花・伊太利

日々の生活に関する備忘録です。

沖縄慰霊の日に想ったこと

2024-06-24 20:22:00 | Weblog
 6月23日は、太平洋戦争末期、沖縄での戦闘で犠牲となった方々を悼む「慰霊の日」でした。今年は1945年から数えて79年目にあたります。慰霊の日の戦没者追悼式には岸田総理が出席し、スピーチを行いました。24日の朝日新聞朝刊には岸田総理と、玉城沖縄県知事のそれぞれのスピーチ全文が掲載されていました。

 両スピーチを読んだ時、どちらも平和への願いを訴えているにも関わらず、どこか色合いの違うものを感じました。同じテーマなのにふたつが重なってこないなぁと感じる、その理由は何なのでしょう。もしかすると、実際に戦場となった沖縄の人たちの平和に対する思いの根底にあるのは郷土愛で、一方、政府の考える平和はナショナリズムと密接に結びついたものであり、その違いが平和を語りつつも、印象の違いとなって表れているのかもしれません。
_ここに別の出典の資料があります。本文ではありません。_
(* Let $V$ be a simple Lie triple system over a field of characteristic $0$ such that every element of $U(V)$ that commutes with all elements of $V$ is of the form $c1+x$ with $c\in F$ and $x\in V$. Then every nonzero proper two-sided ideal of $U(V)$ equals the augmentation ideal $\ker\epsilon$.
   Context: A Lie triple system (L.t.s.) is a vector space $V$ with trilinear product $[\cdot,\cdot,\cdot]$ satisfying $[a,a,b]=0$, $[a,b,c]+[b,c,a]+[c,a,b]=0$, $[x,y,[a,b,c]]=[[x,y,a],b,c]+[a,[x,y,b],c]+[a,b,[x,y,c]]$. An ideal is a subspace $I$ with $[I,V,V]\subseteq I$; $V$ is simple if $[V,V,V]\ne0$ and its only ideals are $0$ and $V$. The universal enveloping algebra $U(V)$ (in the sense of Pérez-Izquierdo, $V$ viewed as a Bol algebra with zero binary bracket) is a unital non-associative bialgebra generated as a unital algebra by $V\subseteq U(V)$, $V$ being its primitive elements, satisfying $\sum a_{(1)}(y(a_{(2)}z))=\sum (a_{(1)}(ya_{(2)}))z$, with $ab=ba$ and $a(bc)-b(ac)=[a,b,c]$ for $a,b,c\in V$; it has the PBW filtration $U(V)_n$ (span of products of at most $n$ elements of $V$), with $[a,U(V)_n]\subseteq U(V)_{n-1}$ for $a\in V$. $\epsilon$ is the counit and $\ker\epsilon$ is the ideal generated by $V$. *)

theory Defs
  imports Main "HOL.Vector_Spaces"
begin

text \<open>
  The universal enveloping algebra U(V) is the whole type 'u, a 'k-vector space with scalar
  multiplication sc, a bilinear (non-associative) multiplication mul with unit one.
\<close>

definition lin_form :: "('k::field \<Rightarrow> 'u::ab_group_add \<Rightarrow> 'u) \<Rightarrow> ('u \<Rightarrow> 'k) \<Rightarrow> bool" where
  "lin_form sc f \<longleftrightarrow> (\<forall>x y. f (x + y) = f x + f y) \<and> (\<forall>c x. f (sc c x) = c * f x)"

definition lin_map :: "('k::field \<Rightarrow> 'u::ab_group_add \<Rightarrow> 'u) \<Rightarrow> ('u \<Rightarrow> 'u) \<Rightarrow> bool" where
  "lin_map sc f \<longleftrightarrow> (\<forall>x y. f (x + y) = f x + f y) \<and> (\<forall>c x. f (sc c x) = sc c (f x))"

definition bilin_form :: "('k::field \<Rightarrow> 'u::ab_group_add \<Rightarrow> 'u) \<Rightarrow> ('u \<Rightarrow> 'u \<Rightarrow> 'k) \<Rightarrow> bool" where
  "bilin_form sc b \<longleftrightarrow> (\<forall>x. lin_form sc (b x)) \<and> (\<forall>y. lin_form sc (\<lambda>x. b x y))"

definition trilin_form :: "('k::field \<Rightarrow> 'u::ab_group_add \<Rightarrow> 'u) \<Rightarrow> ('u \<Rightarrow> 'u \<Rightarrow> 'u \<Rightarrow> 'k) \<Rightarrow> bool" where
  "trilin_form sc g \<longleftrightarrow> (\<forall>x y. lin_form sc (g x y)) \<and> (\<forall>x z. lin_form sc (\<lambda>y. g x y z))
      \<and> (\<forall>y z. lin_form sc (\<lambda>x. g x y z))"

definition bilin_map :: "('k::field \<Rightarrow> 'u::ab_group_add \<Rightarrow> 'u) \<Rightarrow> ('u \<Rightarrow> 'u \<Rightarrow> 'u) \<Rightarrow> bool" where
  "bilin_map sc m \<longleftrightarrow> (\<forall>x. lin_map sc (m x)) \<and> (\<forall>y. lin_map sc (\<lambda>x. m x y))"

text \<open>
  Elements of U \<otimes> U are represented by finite lists of pairs (p,q), standing for the sum of
  the tensors p \<otimes> q.  Two representatives denote the same tensor iff every bilinear form takes
  the same value on them (linear functionals on U \<otimes> U separate points).
\<close>

definition tens_eq :: "('k::field \<Rightarrow> 'u::ab_group_add \<Rightarrow> 'u) \<Rightarrow> ('u \<times> 'u) list \<Rightarrow> ('u \<times> 'u) list \<Rightarrow> bool" where
  "tens_eq sc xs ys \<longleftrightarrow> (\<forall>b. bilin_form sc b \<longrightarrow>
      (\<Sum>(p,q)\<leftarrow>xs. b p q) = (\<Sum>(p,q)\<leftarrow>ys. b p q))"

definition nonassoc_bialgebra ::
  "('k::field \<Rightarrow> 'u::ab_group_add \<Rightarrow> 'u) \<Rightarrow> ('u \<Rightarrow> 'u \<Rightarrow> 'u) \<Rightarrow> 'u
    \<Rightarrow> ('u \<Rightarrow> ('u \<times> 'u) list) \<Rightarrow> ('u \<Rightarrow> 'k) \<Rightarrow> bool" where
  "nonassoc_bialgebra sc mul one cop eps \<longleftrightarrow>
     vector_space sc \<and> bilin_map sc mul \<and>
     (\<forall>x. mul one x = x \<and> mul x one = x) \<and>
     \<comment> \<open>comultiplication is linear\<close>
     (\<forall>x y. tens_eq sc (cop (x + y)) (cop x @ cop y)) \<and>
     (\<forall>c x. tens_eq sc (cop (sc c x)) (map (\<lambda>(p,q). (sc c p, q)) (cop x))) \<and>
     \<comment> \<open>coassociativity\<close>
     (\<forall>x g. trilin_form sc g \<longrightarrow>
        (\<Sum>(p,q)\<leftarrow>cop x. \<Sum>(p1,p2)\<leftarrow>cop p. g p1 p2 q)
      = (\<Sum>(p,q)\<leftarrow>cop x. \<Sum>(q1,q2)\<leftarrow>cop q. g p q1 q2)) \<and>
     \<comment> \<open>counit\<close>
     lin_form sc eps \<and>
     (\<forall>x. (\<Sum>(p,q)\<leftarrow>cop x. sc (eps p) q) = x \<and> (\<Sum>(p,q)\<leftarrow>cop x. sc (eps q) p) = x) \<and>
     \<comment> \<open>comultiplication and counit are unital algebra homomorphisms\<close>
     (\<forall>x y. tens_eq sc (cop (mul x y))
        (concat (map (\<lambda>(p,q). map (\<lambda>(p',q'). (mul p p', mul q q')) (cop y)) (cop x)))) \<and>
     tens_eq sc (cop one) [(one, one)] \<and>
     (\<forall>x y. eps (mul x y) = eps x * eps y) \<and> eps one = 1"

definition primitives ::
  "('k::field \<Rightarrow> 'u::ab_group_add \<Rightarrow> 'u) \<Rightarrow> 'u \<Rightarrow> ('u \<Rightarrow> ('u \<times> 'u) list) \<Rightarrow> 'u set" where
  "primitives sc one cop = {x. tens_eq sc (cop x) [(x, one), (one, x)]}"

inductive pbw_mono :: "('u \<Rightarrow> 'u \<Rightarrow> 'u) \<Rightarrow> 'u \<Rightarrow> 'u set \<Rightarrow> nat \<Rightarrow> 'u \<Rightarrow> bool"
  for mul :: "'u \<Rightarrow> 'u \<Rightarrow> 'u" and one :: 'u and V :: "'u set" where
  mono_one: "pbw_mono mul one V n one"
| mono_gen: "x \<in> V \<Longrightarrow> 1 \<le> n \<Longrightarrow> pbw_mono mul one V n x"
| mono_mul: "pbw_mono mul one V i x \<Longrightarrow> pbw_mono mul one V j y \<Longrightarrow> i + j \<le> n
              \<Longrightarrow> pbw_mono mul one V n (mul x y)"

definition pbw_filt ::
  "('k::field \<Rightarrow> 'u::ab_group_add \<Rightarrow> 'u) \<Rightarrow> ('u \<Rightarrow> 'u \<Rightarrow> 'u) \<Rightarrow> 'u \<Rightarrow> 'u set \<Rightarrow> nat \<Rightarrow> 'u set" where
  "pbw_filt sc mul one V n = module.span sc {x. pbw_mono mul one V n x}"

definition lie_triple_system :: "('k::field \<Rightarrow> 'u::ab_group_add \<Rightarrow> 'u) \<Rightarrow> 'u set
    \<Rightarrow> ('u \<Rightarrow> 'u \<Rightarrow> 'u \<Rightarrow> 'u) \<Rightarrow> bool" where
  "lie_triple_system sc V tp \<longleftrightarrow>
     module.subspace sc V \<and>
     (\<forall>a\<in>V. \<forall>b\<in>V. \<forall>c\<in>V. tp a b c \<in> V) \<and>
     (\<forall>b\<in>V. \<forall>c\<in>V. \<forall>x\<in>V. \<forall>y\<in>V. \<forall>k.
        tp (x + sc k y) b c = tp x b c + sc k (tp y b c) \<and>
        tp b (x + sc k y) c = tp b x c + sc k (tp b y c) \<and>
        tp b c (x + sc k y) = tp b c x + sc k (tp b c y)) \<and>
     (\<forall>a\<in>V. \<forall>b\<in>V. tp a a b = 0) \<and>
     (\<forall>a\<in>V. \<forall>b\<in>V. \<forall>c\<in>V. tp a b c + tp b c a + tp c a b = 0) \<and>
     (\<forall>x\<in>V. \<forall>y\<in>V. \<forall>a\<in>V. \<forall>b\<in>V. \<forall>c\<in>V.
        tp x y (tp a b c) = tp (tp x y a) b c + tp a (tp x y b) c + tp a b (tp x y c))"

definition lts_ideal :: "('k::field \<Rightarrow> 'u::ab_group_add \<Rightarrow> 'u) \<Rightarrow> 'u set
    \<Rightarrow> ('u \<Rightarrow> 'u \<Rightarrow> 'u \<Rightarrow> 'u) \<Rightarrow> 'u set \<Rightarrow> bool" where
  "lts_ideal sc V tp I \<longleftrightarrow> module.subspace sc I \<and> I \<subseteq> V \<and>
     (\<forall>i\<in>I. \<forall>a\<in>V. \<forall>b\<in>V. tp i a b \<in> I)"

definition simple_lts :: "('k::field \<Rightarrow> 'u::ab_group_add \<Rightarrow> 'u) \<Rightarrow> 'u set
    \<Rightarrow> ('u \<Rightarrow> 'u \<Rightarrow> 'u \<Rightarrow> 'u) \<Rightarrow> bool" where
  "simple_lts sc V tp \<longleftrightarrow> lie_triple_system sc V tp \<and>
     (\<exists>a\<in>V. \<exists>b\<in>V. \<exists>c\<in>V. tp a b c \<noteq> 0) \<and>
     (\<forall>I. lts_ideal sc V tp I \<longrightarrow> I = {0} \<or> I = V)"

text \<open>
  (U, mul, one, cop, eps) is the universal enveloping algebra U(V) of the L.t.s. (V, tp)
  (in the sense of Perez-Izquierdo, V viewed as a Bol algebra with zero binary product),
  characterised by the properties listed in the paper.
\<close>

definition is_env_algebra ::
  "('k::field \<Rightarrow> 'u::ab_group_add \<Rightarrow> 'u) \<Rightarrow> ('u \<Rightarrow> 'u \<Rightarrow> 'u) \<Rightarrow> 'u
    \<Rightarrow> ('u \<Rightarrow> ('u \<times> 'u) list) \<Rightarrow> ('u \<Rightarrow> 'k) \<Rightarrow> 'u set \<Rightarrow> ('u \<Rightarrow> 'u \<Rightarrow> 'u \<Rightarrow> 'u) \<Rightarrow> bool" where
  "is_env_algebra sc mul one cop eps V tp \<longleftrightarrow>
     nonassoc_bialgebra sc mul one cop eps \<and>
     \<comment> \<open>V is exactly the set of primitive elements\<close>
     primitives sc one cop = V \<and>
     \<comment> \<open>generated by V as a unital algebra\<close>
     (\<forall>S. module.subspace sc S \<and> one \<in> S \<and> V \<subseteq> S \<and> (\<forall>x\<in>S. \<forall>y\<in>S. mul x y \<in> S)
          \<longrightarrow> S = UNIV) \<and>
     \<comment> \<open>left Bol identity in Hopf form\<close>
     (\<forall>a y z. (\<Sum>(p,q)\<leftarrow>cop a. mul p (mul y (mul q z)))
            = (\<Sum>(p,q)\<leftarrow>cop a. mul (mul p (mul y q)) z)) \<and>
     (\<forall>a\<in>V. \<forall>b\<in>V. mul a b = mul b a) \<and>
     (\<forall>a\<in>V. \<forall>b\<in>V. \<forall>c\<in>V. mul a (mul b c) - mul b (mul a c) = tp a b c) \<and>
     \<comment> \<open>PBW filtration property\<close>
     (\<forall>a\<in>V. \<forall>n u. u \<in> pbw_filt sc mul one V (Suc n)
          \<longrightarrow> mul a u - mul u a \<in> pbw_filt sc mul one V n)"

definition two_sided_ideal :: "('k::field \<Rightarrow> 'u::ab_group_add \<Rightarrow> 'u) \<Rightarrow> ('u \<Rightarrow> 'u \<Rightarrow> 'u) \<Rightarrow> 'u set \<Rightarrow> bool" where
  "two_sided_ideal sc mul I \<longleftrightarrow> module.subspace sc I \<and>
     (\<forall>x\<in>I. \<forall>u. mul u x \<in> I \<and> mul x u \<in> I)"

end

theory Submission
  imports Defs
begin

text \<open>
  A nonzero element u of the ideal I of least PBW degree commutes with V, because each
  commutator [a, u] with a in V lies in I and has smaller degree.  By hypothesis u = c 1 + x
  with x in V, and then [x, a, b] = u(ab) - a(ub) lies in I for all a, b in V.  The L.t.s. ideal
  I \<inter> V is 0 or V; if it were 0, x would annihilate V, so x = 0 by simplicity and 1 \<in> I.
  Hence V \<subseteq> I.  The counit vanishes on [V, V, V], hence on the simple system V, so
  J = I \<inter> ker \<epsilon> is an ideal containing V.  Then J plus the scalar multiples of 1 is a unital
  subalgebra containing V, i.e. all of U(V), and I = ker \<epsilon> follows from 1 \<notin> I.
\<close>

context vector_space
begin

lemma lin_form_additive: "lin_form scale f \<Longrightarrow> additive f"
  by unfold_locales (simp add: lin_form_def)

lemma lts_tp_zero_left:
  assumes "lie_triple_system scale V tp" "b \<in> V" "c \<in> V"
  shows "tp 0 b c = 0"
proof -
  have "0 \<in> V" using assms(1) subspace_0 by (simp add: lie_triple_system_def)
  then have "tp (0 + 1 *s 0) b c = tp 0 b c + 1 *s tp 0 b c"
    using assms unfolding lie_triple_system_def by blast
  then show ?thesis by simp
qed

lemma lts_tp_add_left:
  assumes "lie_triple_system scale V tp" "y \<in> V" "z \<in> V" "b \<in> V" "c \<in> V"
  shows "tp (y + z) b c = tp y b c + tp z b c"
  using assms unfolding lie_triple_system_def by (metis scale_one)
 思うに、郷土愛は自己完結的かつ調和的で、他の人々の郷土愛をも尊重し、共存しようとの志向を持っています。方や、ナショナリズムはそもそもが自国対他国の構図を前提としており、どちらかと言えば対立的な姿勢になりがちです。この観点から岸田総理と玉城知事の23日の言葉を読み直してみました。岸田総理は言っています。「美しい自然、アジアの玄関口に位置する地理的特性、国際色豊かな文化や伝統。こうした魅力や優位性を最大限に活かしつつ、『強い沖縄経済』の実現に向けて、国家戦略として、沖縄振興を総合的に進めてまいります」と。この論理の組み立ては、ナショナリズムに基づくものと言えそうです。

 玉城知事は、「世界の平和と安定に向けて、各国・各地域に求められているのは、それぞれの価値観の違いを認め合い、多様性を受け入れる包摂性と寛容性に基づく平和的外交・対話などのプロセスを通した問題解決です」、と述べています。これは、郷土愛的を持つもの同士の連携、連帯を呼び掛けています。

 もっとも、スピーチの一部のみを切り出して「ナショナリズムだ。郷土愛だ」と決めつけるのは本意ではありません。来る慰霊の日・80年に向けて、また沖縄のみならずそれ以外の地域における平和を考えていくうえで、郷土愛とナショナリズムが交わらないまま平行線を続けていては、議論が不毛なものとなってしまいそうです。両者をつなぐ橋を架け、それぞれの質の異なる方向性のバランスを上手くとり、信頼の醸成、利害の調整を図りつつ平和が実現されることを願うものであります。